I'm generalising of course. It's not just the straight-A students who lack life skills, it's everyone.

By the time the national curriculum was introduced in 1988, home economics was "food technology" and regarded as akin to design and technology. Politicians have occasionally brought up a return to practical cooking in schools - Ed Balls prompted much debate with such a pledge in 2008 - but the reality is, too many school-leavers have never been near a saucepan or an oven glove.

It's not just cooking. It's everything from changing a light-bulb to cleaning a loo. As a rent-paying adult in a full-time job, I'll freely admit that I'm still blurry on the nuances of mortgages, tax bands and interest rates. I've spent more hours than Jimmy Wales intended on Wikipedia, familiarising myself with everyday concepts like ISAs or credit ratings. Better that than to admit I'm clueless.
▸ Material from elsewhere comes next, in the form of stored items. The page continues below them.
(* Let $D$ be a Dyck path of length $2n$ and let $D_1\sqsubset D_2\sqsubset\cdots\sqsubset D_n=D$ be an $n$-chain of Dyck shapes ending at $D$; set $D_0$ to be the empty path. Fill $S(D)$ by putting one dot in the leftmost cell (the cell with smallest first coordinate) of each ribbon $S(D_i)\setminus S(D_{i-1})$, $1\le i\le n$. Then the result is a Laguerre history of shape $D$, and this construction is a bijection between $n$-chains of Dyck shapes ending at $D$ and Laguerre histories of shape $D$.
   Context: A Dyck path of length $2m$ is a lattice path from $(0,0)$ to $(2m,0)$ with steps $\nearrow=(1,1)$, $\searrow=(1,-1)$ never going below the $x$-axis; $P(x)$ denotes its height at abscissa $x$. A cell is a point $(a,b)\in\mathbb{Z}^2$ with $b\ge0$, $a+b$ even (the tilted square with vertices $(a,b),(a+1,b\pm1),(a+2,b)$). The Dyck shape of $P$ (length $2m$) is $S(P)=\{(a,b): b\ge0,\ a+b\text{ even},\ 0\le a\le 2m-2,\ b+1\le P(a+1)\}$. Cells are adjacent if they differ by $(\pm1,\pm1)$. A ribbon is a nonempty set of cells, connected for adjacency, containing no four cells $(a,b),(a+1,b+1),(a+1,b-1),(a+2,b)$. For Dyck paths $D$ of length $2m$ and $E$ of length $2m+2$, $D\sqsubset E$ means $S(D)\subseteq S(E)$ and $S(E)\setminus S(D)$ is a ribbon. An $n$-chain of Dyck shapes is a sequence $D_1\sqsubset\cdots\sqsubset D_n$ of Dyck paths with $D_i$ of length $2i$; it ends at $D_n$. The column $a$ of $S(D)$ is the set of its cells with first coordinate $a$; it is below a step $\nearrow$ if the $(a+1)$-st step of $D$ is $\nearrow$. A Laguerre history of shape $D$ (length $2n$) is a filling of $S(D)$ with $n$ dots (at most one per cell) such that each column below a step $\nearrow$ contains exactly one dot and the other columns contain none. *)

theory Defs
  imports Main
begin

text \<open>A path is a list of steps: True = up step (1,1), False = down step (1,-1).\<close>
type_synonym path = "bool list"
type_synonym cell = "int \<times> int"

definition height :: "path \<Rightarrow> nat \<Rightarrow> int" where
  "height P x = (\<Sum>s\<leftarrow>take x P. if s then 1 else -1)"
It's time to address just how clueless we are. We're taught "No to drink and drugs" or "Don't have unprotected sex", but less time is dedicated to life skills like basic finances, reading the electricity meter or following the instruction manual for IKEA flat pack furniture.

The coalition government has committed itself to changing the curriculum, waxing lyrical about students doing more practical science experiments or learning history in chronological order. We mourn declining numbers of language students and lament that standards in GCSE maths are falling.

Well, I'm yet to use quadratic equations in my daily life, but I make myself dinner every day. There needs to be a place for both in the classroom.

These are not simply the cries of an adult without common sense, true as that may be. The problem of childhood obesity will never be tackled if generations continue to lack understanding of nutrition and balanced diets. If teaching kids how to make their own burgers means one less Big Mac a week, surely it's worth finding an hour in the timetable and making the health and safety implications work?

In an ideal world such skills would be the preserve of mums and dads. But the nuclear family is becoming more and more of an anachronism; time poor-parents simply don't have the opportunity to impart such wisdom. Education must keep par with societal changes.

Food for thought at school is one thing. It's time for some food for food.